Now, if this is not the God that you believe in, that's okay, too. The beauty of religion is that there is no right or wrong. What is right for me may not be right for you. I believe that the main idea that one needs to grasp in order to be close to God is the fact that WE ARE NOT IN CHARGE, HE IS. I know this now. I embrace this, even.

It still hurts sometimes when people assume that I am not close to God because of things that I have done in the past, or even things that I continue to do now. I think that anyone who believes that they know what makes God love you is foolish. I don't think that you have to follow certain guidelines in order to "make" God love you. I know that He put me here for a reason. I know that I have a purpose. And, every day when I wake up, I wonder if that will be the day that my purpose and/or reason is exposed to me. I am open to His signs and suggestions, and I know that when I'm meant to, I'll find it. For all I know, I could have found it already.

I urge you to think about this the next time you catch yourself looking down on someone because they don't attend church as much as you do. This doesn't mean you're any closer to God or heaven than they are. I do not have to leave my own house to appreciate God, talk to him, or hear all of the great things he has given us. I look outside, and I see the beauty of the world that he made. I hear my phone ring, and it's someone who means a great deal to me calling to check on me, and I remember how He gave us the ability to love. I barely dodge a wreck when I'm driving to class, and I think of those who are watching over me.

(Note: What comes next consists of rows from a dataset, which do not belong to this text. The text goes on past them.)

(* The following three assignment rules are majoritarian: (1) the rule $\mathit{PO}$ returning all Pareto-optimal assignments; (2) least unpopularity, returning all assignments minimizing the unpopularity margin; (3) mixed popularity, returning all assignments that lie in the support of some mixed popular distribution.
   Context: Let $N=\{1,\dots,n\}$ be agents and $H$ a set of $n$ houses. A profile $P=(\succ_1,\dots,\succ_n)$ gives each agent a strict linear order on $H$. An assignment is a bijection $\mu:N\to H$; $M$ is the set of all assignments. Agent $x$ weakly prefers $\mu$ to $\lambda$ if $\mu(x)\succ_x\lambda(x)$ or $\mu(x)=\lambda(x)$, and strictly prefers it if $\mu(x)\succ_x\lambda(x)$. Let $N_{\mu,\lambda}$ be the set of agents weakly preferring $\mu$ to $\lambda$; $\mu\succsim\lambda$ if $|N_{\mu,\lambda}|\ge|N_{\lambda,\mu}|$. The majority graph of $P$ is $G_P=(M,\{(\mu,\lambda):\mu\succsim\lambda\})$. An assignment rule $F$ maps every profile $P$ to a nonempty set $F(P)\subseteq M$; it is majoritarian if $F(P)=F(P')$ for all profiles $P,P'$ with $G_P=G_{P'}$. $\mu$ Pareto-dominates $\lambda$ if every agent weakly prefers $\mu$ to $\lambda$ and some agent strictly prefers $\mu$ to $\lambda$; $\mu$ is Pareto-optimal if no assignment Pareto-dominates it. The unpopularity margin of $\mu$ is $\max_{\lambda\in M}(|N_{\lambda,\mu}|-|N_{\mu,\lambda}|)$; least unpopularity returns all assignments minimizing it. A probability distribution $\pi$ on $M$ is mixed popular if for every $\lambda\in M$, $\sum_{\mu\in M}\pi(\mu)\,(|N_{\mu,\lambda}|-|N_{\lambda,\mu}|)\ge 0$; mixed popularity returns all assignments $\mu$ with $\pi(\mu)>0$ for some mixed popular $\pi$. *)

theory Defs
  imports "HOL-Analysis.Analysis"
begin

(* Agents are {1..n}; houses form a finite set H of type 'h with card H = n.
   A preference of an agent is a relation R :: ('h * 'h) set, (a,b) \<in> R meaning a \<succ> b. *)

definition agents :: "nat \<Rightarrow> nat set" where
  "agents n = {1..n}"

definition is_profile :: "nat \<Rightarrow> 'h set \<Rightarrow> (nat \<Rightarrow> ('h \<times> 'h) set) \<Rightarrow> bool" where
  "is_profile n H P \<longleftrightarrow>
     (\<forall>i\<in>agents n. strict_linear_order_on H (P i) \<and> P i \<subseteq> H \<times> H)"

definition assignments :: "nat \<Rightarrow> 'h set \<Rightarrow> (nat \<Rightarrow> 'h) set" where
  "assignments n H = {\<mu>. bij_betw \<mu> (agents n) H \<and> \<mu> \<in> extensional (agents n)}"

definition weak_pref :: "(nat \<Rightarrow> ('h \<times> 'h) set) \<Rightarrow> nat \<Rightarrow> (nat \<Rightarrow> 'h) \<Rightarrow> (nat \<Rightarrow> 'h) \<Rightarrow> bool" where
  "weak_pref P x \<mu> l \<longleftrightarrow> (\<mu> x, l x) \<in> P x \<or> \<mu> x = l x"

definition strict_pref :: "(nat \<Rightarrow> ('h \<times> 'h) set) \<Rightarrow> nat \<Rightarrow> (nat \<Rightarrow> 'h) \<Rightarrow> (nat \<Rightarrow> 'h) \<Rightarrow> bool" where
  "strict_pref P x \<mu> l \<longleftrightarrow> (\<mu> x, l x) \<in> P x"

definition N_weak :: "nat \<Rightarrow> (nat \<Rightarrow> ('h \<times> 'h) set) \<Rightarrow> (nat \<Rightarrow> 'h) \<Rightarrow> (nat \<Rightarrow> 'h) \<Rightarrow> nat set" where
  "N_weak n P \<mu> l = {x \<in> agents n. weak_pref P x \<mu> l}"

definition margin :: "nat \<Rightarrow> (nat \<Rightarrow> ('h \<times> 'h) set) \<Rightarrow> (nat \<Rightarrow> 'h) \<Rightarrow> (nat \<Rightarrow> 'h) \<Rightarrow> int" where
  "margin n P \<mu> l = int (card (N_weak n P \<mu> l)) - int (card (N_weak n P l \<mu>))"

definition maj_graph :: "nat \<Rightarrow> 'h set \<Rightarrow> (nat \<Rightarrow> ('h \<times> 'h) set) \<Rightarrow> ((nat \<Rightarrow> 'h) \<times> (nat \<Rightarrow> 'h)) set" where
  "maj_graph n H P = {(\<mu>, l). \<mu> \<in> assignments n H \<and> l \<in> assignments n H \<and>
       card (N_weak n P \<mu> l) \<ge> card (N_weak n P l \<mu>)}"

definition majoritarian :: "nat \<Rightarrow> 'h set \<Rightarrow> ((nat \<Rightarrow> ('h \<times> 'h) set) \<Rightarrow> (nat \<Rightarrow> 'h) set) \<Rightarrow> bool" where
  "majoritarian n H F \<longleftrightarrow>
     (\<forall>P P'. is_profile n H P \<longrightarrow> is_profile n H P' \<longrightarrow>
        maj_graph n H P = maj_graph n H P' \<longrightarrow> F P = F P')"

definition pareto_dominates :: "nat \<Rightarrow> (nat \<Rightarrow> ('h \<times> 'h) set) \<Rightarrow> (nat \<Rightarrow> 'h) \<Rightarrow> (nat \<Rightarrow> 'h) \<Rightarrow> bool" where
  "pareto_dominates n P \<mu> l \<longleftrightarrow>
     (\<forall>x\<in>agents n. weak_pref P x \<mu> l) \<and> (\<exists>x\<in>agents n. strict_pref P x \<mu> l)"

definition PO :: "nat \<Rightarrow> 'h set \<Rightarrow> (nat \<Rightarrow> ('h \<times> 'h) set) \<Rightarrow> (nat \<Rightarrow> 'h) set" where
  "PO n H P = {\<mu> \<in> assignments n H. \<not> (\<exists>l\<in>assignments n H. pareto_dominates n P l \<mu>)}"

definition unpopularity_margin :: "nat \<Rightarrow> 'h set \<Rightarrow> (nat \<Rightarrow> ('h \<times> 'h) set) \<Rightarrow> (nat \<Rightarrow> 'h) \<Rightarrow> int" where
  "unpopularity_margin n H P \<mu> = Max ((\<lambda>l. margin n P l \<mu>) ` assignments n H)"

definition least_unpopularity :: "nat \<Rightarrow> 'h set \<Rightarrow> (nat \<Rightarrow> ('h \<times> 'h) set) \<Rightarrow> (nat \<Rightarrow> 'h) set" where
  "least_unpopularity n H P = {\<mu> \<in> assignments n H.
     \<forall>\<nu>\<in>assignments n H. unpopularity_margin n H P \<mu> \<le> unpopularity_margin n H P \<nu>}"

definition is_distribution :: "nat \<Rightarrow> 'h set \<Rightarrow> ((nat \<Rightarrow> 'h) \<Rightarrow> real) \<Rightarrow> bool" where
  "is_distribution n H \<pi> \<longleftrightarrow>
     (\<forall>\<mu>\<in>assignments n H. \<pi> \<mu> \<ge> 0) \<and> (\<Sum>\<mu>\<in>assignments n H. \<pi> \<mu>) = 1"

definition mixed_popular :: "nat \<Rightarrow> 'h set \<Rightarrow> (nat \<Rightarrow> ('h \<times> 'h) set) \<Rightarrow> ((nat \<Rightarrow> 'h) \<Rightarrow> real) \<Rightarrow> bool" where
  "mixed_popular n H P \<pi> \<longleftrightarrow> is_distribution n H \<pi> \<and>
     (\<forall>l\<in>assignments n H. (\<Sum>\<mu>\<in>assignments n H. \<pi> \<mu> * of_int (margin n P \<mu> l)) \<ge> 0)"

definition mixed_popularity :: "nat \<Rightarrow> 'h set \<Rightarrow> (nat \<Rightarrow> ('h \<times> 'h) set) \<Rightarrow> (nat \<Rightarrow> 'h) set" where
  "mixed_popularity n H P = {\<mu> \<in> assignments n H. \<exists>\<pi>. mixed_popular n H P \<pi> \<and> \<pi> \<mu> > 0}"

end

theory Submission
  imports Defs
begin

(* All three rules see the profile only through the margins: l Pareto-dominates m iff l \<noteq> m
   and the margin of l over m equals the number of agents whose house changes. So it suffices
   that the signs of all margins determine the margins. The margin is a sum over agents of
   pref_sign P x (l x) (m x) \<in> {-1, 0, 1}; for profiles P, P' with the same majority graph let
   d x u v be the difference of these signs under P and P'.
   Exchanging the houses of two agents gives margins in {-2, 0, 2} with equal signs under P and
   P', which forces d x u v to be independent of the agent x. Rotating three houses among three
   agents gives odd margins; a suitable choice of the agents' roles shows that
   d a b + d b c + d c a = 0. Hence d u v = \<phi> u - \<phi> v for a potential \<phi>, and the difference
   of the margins, \<Sum>x. \<phi> (l x) - \<phi> (m x), vanishes because l and m are both bijections onto H. *)

lemma finite_agents [simp]: "finite (agents n)"
  by (simp add: agents_def)

definition pref_sign :: "(nat \<Rightarrow> ('h \<times> 'h) set) \<Rightarrow> nat \<Rightarrow> 'h \<Rightarrow> 'h \<Rightarrow> int" where
  "pref_sign P x u v = of_bool ((u, v) \<in> P x \<or> u = v) - of_bool ((v, u) \<in> P x \<or> v = u)"

lemma pref_sign_refl [simp]: "pref_sign P x u u = 0"
  by (simp add: pref_sign_def)

lemma pref_sign_swap: "pref_sign P x v u = - pref_sign P x u v"
  by (simp add: pref_sign_def)

lemma margin_eq_sum_pref_sign: "margin n P l m = (\<Sum>x\<in>agents n. pref_sign P x (l x) (m x))"
  by (simp add: margin_def N_weak_def weak_pref_def pref_sign_def sum_subtractf
      of_bool_def sum.If_cases Int_def conj_commute eq_commute)

lemma pref_sign_distinct:
  assumes "is_profile n H P" "x \<in> agents n" "u \<in> H" "v \<in> H" "u \<noteq> v"
  shows "pref_sign P x u v = (if (u, v) \<in> P x then 1 else -1)"
proof -
  have "strict_linear_order_on H (P x)" using assms(1,2) by (simp add: is_profile_def)
  then have "(u, v) \<in> P x \<or> (v, u) \<in> P x" "\<not> ((u, v) \<in> P x \<and> (v, u) \<in> P x)"
    using assms(3-5) unfolding strict_linear_order_on_def total_on_def trans_def irrefl_def
    by blast+
  then show ?thesis using assms(5) by (auto simp: pref_sign_def)
qed

lemma pref_sign_distinct_range:
  assumes "is_profile n H P" "x \<in> agents n" "u \<in> H" "v \<in> H" "u \<noteq> v"
  shows "pref_sign P x u v \<in> {-1, 1}"
  using pref_sign_distinct[OF assms] by simp

lemma pref_sign_cycle:
  assumes "is_profile n H P" "x \<in> agents n" "a \<in> H" "b \<in> H" "c \<in> H"
    "a \<noteq> b" "b \<noteq> c" "a \<noteq> c"
  shows "pref_sign P x a b + pref_sign P x b c + pref_sign P x c a \<in> {-1, 1}"
proof -
  have "strict_linear_order_on H (P x)" using assms(1,2) by (simp add: is_profile_def)
  then have "trans (P x)" "irrefl (P x)" "total_on H (P x)"
    by (simp_all add: strict_linear_order_on_def)
  then have no_cycle: "\<not> ((u, v) \<in> P x \<and> (v, w) \<in> P x \<and> (w, u) \<in> P x)"
    and total: "u \<in> H \<Longrightarrow> v \<in> H \<Longrightarrow> u \<noteq> v \<Longrightarrow> (u, v) \<notin> P x \<Longrightarrow> (v, u) \<in> P x" for u v w
    unfolding trans_def irrefl_def total_on_def by blast+
  show ?thesis
    using no_cycle[of a b c] no_cycle[of a c b] total[of a b] total[of b c] total[of c a] assms(3-8)
    by (auto simp: pref_sign_distinct[OF assms(1,2)])
qed

lemma assignment_comp_permutes:
  assumes "m \<in> assignments n H" "\<pi> permutes agents n"
  shows "m \<circ> \<pi> \<in> assignments n H"
proof -
  have "bij_betw (m \<circ> \<pi>) (agents n) H"
    using assms permutes_imp_bij bij_betw_trans unfolding assignments_def by blast
  moreover have "m \<circ> \<pi> \<in> extensional (agents n)"
    using assms by (auto simp: assignments_def extensional_def permutes_not_in)
  ultimately show ?thesis by (simp add: assignments_def)
qed

lemma assignment_extend:
  assumes "finite H" "card H = n" "S \<subseteq> agents n" "inj_on f S" "f ` S \<subseteq> H"
  obtains m where "m \<in> assignments n H" "\<And>x. x \<in> S \<Longrightarrow> m x = f x"
proof -
  have fin: "finite S" using assms(3) finite_agents by (rule finite_subset)
  have "card (agents n - S) = n - card S"
    using assms(3) fin by (simp add: card_Diff_subset agents_def)
  also have "\<dots> = card (H - f ` S)"
    using assms(1,2,4,5) fin by (simp add: card_Diff_subset card_image)
  finally obtain g where g: "bij_betw g (agents n - S) (H - f ` S)"
    using assms(1) finite_same_card_bij by (metis finite_Diff finite_agents)
  define F where "F x = (if x \<in> S then f x else g x)" for x
  have "bij_betw F S (f ` S)"
    using bij_betw_cong[of S F f] inj_on_imp_bij_betw[OF assms(4)] by (simp add: F_def)
  moreover have "bij_betw F (agents n - S) (H - f ` S)"
    using bij_betw_cong[of "agents n - S" F g] g by (simp add: F_def)
  ultimately have "bij_betw F (S \<union> (agents n - S)) (f ` S \<union> (H - f ` S))"
    by (rule bij_betw_combine) blast
  then have "bij_betw (restrict F (agents n)) (agents n) H"
    using assms(3,5) bij_betw_cong[of "agents n" "restrict F (agents n)" F H]
    by (simp add: Un_absorb1 Un_Diff_cancel)
  moreover have "restrict F (agents n) x = f x" if "x \<in> S" for x
    using that assms(3) by (auto simp: F_def)
  ultimately show ?thesis
    using that[of "restrict F (agents n)"] by (simp add: assignments_def)
qed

I eat dinner, and I thank Him for providing me with parents who love me enough to make sure I have money for groceries. I look over at Kyle and remember all the trials we have gone through together, and I thank God for putting him in my life so that I didn't go through these trials alone. I see the wheelchair ramps outside of the library, and I am thankful that I am able to walk. I read things that I wrote in November of 2006, and I'm so glad that God was holding my hand when I did not think that I could go on. I talk to our family friend Gail on the phone, and remember that she has always loved me NO MATTER WHAT, and God put her in my life for a reason. I dream of doing big things in the future, not only in my name, but in His, as well.

I always said that every time I thought I was so far down that I wanted to give up, something lifted me off of the ground and put me back on my feet. I know what that "something" is now, and that means everything to me.